TLDR: $META 32%, $NU 25%, $CROX 18%, $NET 10%, $MSFT 7%, $ASO 7%
I have neither specific time frame for investing nor a concrete goal. Maybe being able to afford a mortgage for a house in 10 years lol? I don't want to lose the money I put in the market, so I'm trying to pick profitable companies at good prices, hopefully with a good possibility to grow in the future. I'm willing to take some risk, but maybe not as much as buying options.
I've been thinking, how to pick stocks, and what I came up with is I'm trying to give 2 value estimates — “optimistic” and “pessimistic”. Note that I have no idea how to properly value companies, but I read quarterly reports and try to make sense of the numbers, but mostly intuitively. Currently I use a google sheets doc where every stock has current price and my estimates, giving me an overview of how much upside and downside the stocks have. When I get a pay check, I try to pick stocks that have less downside, more upside, and also that don't skew too much my portfolio.
Now here is about individual stocks:
- Meta: my low/high market cap estimates are 300B/600B. Media mostly talks about metaverse being a flop and Apple getting in the way of their tracking, but I think its fall to 10PE was overblown. They actually spend more money on AI than on VR, and they also said that they have good results from AI used for advertising, so they don't see Apple policies being a major problem for them.
- Nubank: I actually learned about this company before Buffett invested in it. They have interesting tech. I'm a software developer, and I love the tech stack they use (Clojure, Datomic) — it makes me feel much more productive when developing compared to other, more mainstream tech stacks like Java or Python. Also, in Russia where I used to live, before the war, there was a similarly awesome banking service (Tinkoff) that I used and loved. After moving to Europe it makes me sad to see how far behind other banks here, even the more progressive ones. Anyway, my estimates are 15B/35B.

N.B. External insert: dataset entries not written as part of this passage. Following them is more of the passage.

lemma sq_adj_two_neighbours:
  assumes "D 0" "D (d - 1)" "2 \<le> d" "v \<le> d"
  obtains x y where "x \<le> d" "y \<le> d" "x \<noteq> y" "sq_adj D v x" "sq_adj D v y"
proof -
  define w where "w = v - 2"
  consider "v = 0" | "v = 1" "d = 2" | "v = 1" "3 \<le> d" | "v = w + 2" "w + 4 \<le> d"
    | "v = w + 2" "w + 3 = d" | "v = w + 2" "w + 2 = d"
    unfolding w_def using assms(3,4) by arith
  then show thesis
  proof cases
    case 1
    then show thesis using that[of 1 2] assms by (simp add: sq_adj_def)
  next
    case 2
    then show thesis using that[of 0 2] assms by (simp add: sq_adj_def)
  next
    case 3
    then show thesis using that[of 0 3] assms by (simp add: sq_adj_def)
  next
    case 4
    then show thesis using that[of w "w + 4"] by (simp add: sq_adj_def)
  next
    case 5
    moreover have "D (w + 2)" using assms(2) unfolding 5(2)[symmetric] by simp
    ultimately show thesis using that[of w "w + 3"] by (simp add: sq_adj_def)
  next
    case 6
    moreover have "D (w + 1)" using assms(2) unfolding 6(2)[symmetric] by simp
    ultimately show thesis using that[of w "w + 1"] by (simp add: sq_adj_def)
  qed
qed
lemma smooth_S1_loop_br:
  fixes X Y :: "int \<Rightarrow> real \<Rightarrow> 'g::real_normed_vector"
  assumes bb: "bounded_bilinear br"
    and X0: "\<And>m \<sigma>. m < - a \<Longrightarrow> X m \<sigma> = 0" and Y0: "\<And>m \<sigma>. m < - b \<Longrightarrow> Y m \<sigma> = 0"
    and "\<And>m. smooth_S1 (X m)" "\<And>m. smooth_S1 (Y m)"
  shows "smooth_S1 (loop_br br X Y n)"
proof -
  have "loop_br br X Y n = (\<lambda>\<sigma>. \<Sum>m\<in>{-a..n+b}. br (X m \<sigma>) (Y (n - m) \<sigma>))"
    using loop_br_eq_sum[OF bb X0 Y0] by (simp add: fun_eq_iff)
  then show ?thesis
    by (simp only:) (intro smooth_S1_sum smooth_S1_bilinear[OF bb] assms finite_atLeastAtMost_int)
qed

lemma in_G_bound: "in_G pr X \<Longrightarrow> \<exists>N. \<forall>n \<sigma>. n < - N \<longrightarrow> X n \<sigma> = 0"
  unfolding in_G_def by blast

lemma in_G_smooth: "in_G pr X \<Longrightarrow> smooth_S1 (X n)"
  and in_G_graded: "in_G pr X \<Longrightarrow> gcomp pr n (X n \<sigma>) = X n \<sigma>"
  unfolding in_G_def by auto

lemma hat_brR_eq:
  "hat_brR br fm (M, c) (Y, b) =
    ((\<lambda>n \<sigma>. (1/2) *\<^sub>R (loop_br br (Rop M) Y n \<sigma> + loop_br br M (Rop Y) n \<sigma>)),
     (omega fm (Rop M) Y + omega fm M (Rop Y)) / 2)"
  by (simp add: hat_brR_def hat_br_def hat_R_def Let_def)

lemma nat_mod4_add_eq_iff:
  assumes "(j::nat) < 4"
  shows "nat (p mod 4) = (j + nat (m mod 4)) mod 4 \<longleftrightarrow> j = nat ((p - (m::int)) mod 4)"
proof -
  have "nat (p mod 4) = (j + nat (m mod 4)) mod 4 \<longleftrightarrow> p mod 4 = (int j + m mod 4) mod 4"
    by (simp add: nat_eq_iff zmod_int of_nat_mod)
  also have "\<dots> \<longleftrightarrow> 4 dvd ((p - m) - int j)"
    by (simp add: mod_add_right_eq mod_eq_dvd_iff algebra_simps)
  also have "\<dots> \<longleftrightarrow> (p - m) mod 4 = int j mod 4" by (simp add: mod_eq_dvd_iff)
  also have "\<dots> \<longleftrightarrow> (p - m) mod 4 = int j" using assms by simp
  also have "\<dots> \<longleftrightarrow> j = nat ((p - m) mod 4)" by auto
  finally show ?thesis .
qed

section \<open>The \<open>\<int>/4\<close>-graded Lie algebra\<close>

locale z4_lie =
  fixes br :: "'g::real_normed_vector \<Rightarrow> 'g \<Rightarrow> 'g"
    and fm :: "'g \<Rightarrow> 'g \<Rightarrow> complex"
    and pr :: "nat \<Rightarrow> 'g \<Rightarrow> 'g"
  assumes z4_graded_lie: "z4_graded_lie br fm pr"
begin

lemma z4_graded_lie_laws:
  "bounded_bilinear br \<and> bounded_bilinear fm \<and>
   (\<forall>x y z. fm (br x y) z = fm x (br y z)) \<and> (\<forall>k<4. bounded_linear (pr k)) \<and>
   (\<forall>j<4. \<forall>k<4. \<forall>x. pr j (pr k x) = (if j = k then pr k x else 0)) \<and>
   (\<forall>x. (\<Sum>k<4. pr k x) = x) \<and>
   (\<forall>j<4. \<forall>k<4. \<forall>x y. pr ((j + k) mod 4) (br (pr j x) (pr k y)) = br (pr j x) (pr k y))"
  using z4_graded_lie unfolding z4_graded_lie_def by (elim conjE) (intro conjI; assumption)

lemma bounded_bilinear_br: "bounded_bilinear br"
  and bounded_bilinear_fm: "bounded_bilinear fm"
  and fm_invariant: "fm (br x y) z = fm x (br y z)"
  and bounded_linear_pr: "k < 4 \<Longrightarrow> bounded_linear (pr k)"
  and pr_pr: "j < 4 \<Longrightarrow> k < 4 \<Longrightarrow> pr j (pr k x) = (if j = k then pr k x else 0)"
  and sum_pr: "(\<Sum>k<4. pr k x) = x"
  and pr_br: "j < 4 \<Longrightarrow> k < 4 \<Longrightarrow> pr ((j + k) mod 4) (br (pr j x) (pr k y)) = br (pr j x) (pr k y)"
  using z4_graded_lie_laws by blast+

sublocale br: bounded_bilinear br by (rule bounded_bilinear_br)
sublocale fm: bounded_bilinear fm by (rule bounded_bilinear_fm)

lemmas [simp] = fm.zero_left fm.zero_right br.zero_left br.zero_right

lemma fm_scaleR_left: "fm (c *\<^sub>R x) y = complex_of_real c * fm x y"
  by (simp add: fm.scaleR_left scaleR_conv_of_real)

lemma bounded_linear_gcomp: "bounded_linear (gcomp pr n)"
  unfolding gcomp_def[abs_def] by (rule bounded_linear_pr) simp

lemma gcomp_gcomp: "gcomp pr p (gcomp pr m x) = (if 4 dvd (p - m) then gcomp pr m x else 0)"
proof -
  have "nat (p mod 4) = nat (m mod 4) \<longleftrightarrow> 4 dvd (p - m)"
    by (simp add: eq_nat_nat_iff mod_eq_dvd_iff)
  moreover have "nat (p mod 4) < 4" "nat (m mod 4) < 4" by (simp_all add: nat_less_iff)
  ultimately show ?thesis unfolding gcomp_def by (simp add: pr_pr)
qed

lemma gcomp_br: "gcomp pr p (br x (gcomp pr m y)) = br (gcomp pr (p - m) x) (gcomp pr m y)"
proof -
  let ?q = "nat (m mod 4)" and ?r = "nat (p mod 4)" and ?j0 = "nat ((p - m) mod 4)"
  have q4: "?q < 4" and r4: "?r < 4" and j4: "?j0 < 4" by (simp_all add: nat_less_iff)
  have component: "pr ?r (br (pr j x) (pr ?q y)) = (if j = ?j0 then br (pr j x) (pr ?q y) else 0)"
    if j: "j < 4" for j
  proof -
    have "pr ?r (br (pr j x) (pr ?q y)) = pr ?r (pr ((j + ?q) mod 4) (br (pr j x) (pr ?q y)))"
      using j q4 pr_br by simp
    also have "\<dots> = (if ?r = (j + ?q) mod 4 then pr ((j + ?q) mod 4) (br (pr j x) (pr ?q y)) else 0)"
      by (rule pr_pr[OF r4]) simp
    also have "\<dots> = (if ?r = (j + ?q) mod 4 then br (pr j x) (pr ?q y) else 0)"
      using j q4 pr_br by simp
    finally show ?thesis using nat_mod4_add_eq_iff[OF j] by simp
  qed
  have "br x (pr ?q y) = (\<Sum>j<4. br (pr j x) (pr ?q y))"
    by (subst (1) sum_pr[symmetric, of x]) (simp add: br.sum_left)
  then have "pr ?r (br x (pr ?q y)) = (\<Sum>j<4. pr ?r (br (pr j x) (pr ?q y)))"
    using linear_sum[OF bounded_linear.linear[OF bounded_linear_pr[OF r4]]] by simp
  also have "\<dots> = br (pr ?j0 x) (pr ?q y)"
    using j4 by (simp add: component)
  finally show ?thesis unfolding gcomp_def .
qed
(* Under Strategy 1 (described in the context), the expected number of uncles created during an attack cycle and eventually referred is $$\mathbb{E}[U]=q+\frac{q^3\gamma}{p-q}-\frac{p^3}{p-q}\Bigl(\frac qp\Bigr)^{n_1+1}\gamma-q^{n_1+1}(1-\gamma).$$
   Context: Honest hashrate $p$, attacker hashrate $q$, $p+q=1$, $0<q<p$; $\gamma\in[0,1]$ is the fraction of honest hashrate mining on the attacker's block during a public competition between equal-height blocks. Each new block is the attacker's with probability $q$, independently. Attack cycles are i.i.d. words in S (attacker block) and H (honest block): H, SHS, SHH, or SSwH with $w$ a Dyck word; $\mathbb{P}[H]=p$, $\mathbb{P}[SHS]=pq^2$, $\mathbb{P}[SHH]=p^2q$, $\mathbb{P}[SSwH]=q^2p(pq)^{|w|}$. Ethereum rules: an uncle is a non-official block whose parent is official; a nephew (official block) may refer an uncle at distance (height difference) at most $n_1$ ($n_1\ge2$ an integer). Strategy 1: the attacker withholds his blocks, and each time the honest miners publish a block he publishes the part of his secret fork of the same height as the public honest chain (creating a competition, in which a fraction $\gamma$ of honest hashrate mines on the attacker's branch); the attacker's fork wins in cycles starting with SS; all miners refer all possible uncles. $U(\omega)$ is the number of uncles created during cycle $\omega$ that are referred by nephews in $\omega$ or in a later cycle. *)

theory Defs
  imports "HOL-Analysis.Analysis"
begin

text \<open>
Encoding: a block event is a bool, True = S (attacker block), False = H (honest block). Each honest block additionally carries a flag
(True = it was mined by the gamma-fraction of honest hashrate, i.e. on the attacker's
branch when a public competition is ongoing); the j-th honest block of the cycle
(j = 1, 2, ...) has flag  g ! (j - 1).
\<close>

inductive dyck :: "bool list \<Rightarrow> bool" where
  dyck_Nil: "dyck []"
| dyck_step: "dyck u \<Longrightarrow> dyck v \<Longrightarrow> dyck (True # u @ False # v)"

- Crocs: It was a fucking steal at 5PE ($50) in the summer. I guess it fell so much because of the debt and rates rising. But I still buy it even at $120. I think, with their HeyDude's acquisition, and good debt management they still have room to grow. My estimates are 5B/13B.
- Cloudflare: my estimate is 8B/30B. Quite a big spread in estimates because I'm not sure about this company. I mostly bought it because I thought there would be a lot of demand for it because of ChatGPT, and possibly other AI services that are free to the users but pricey to run, hence requiring a middleman to prevent misuse. I now see that Microsoft's newer GPT model is significantly cheaper to run, so maybe there will be less demand for Cloudflare. I'll probably sell it soon. Although they seem to be focusing on profitability, so, they might continue to rise.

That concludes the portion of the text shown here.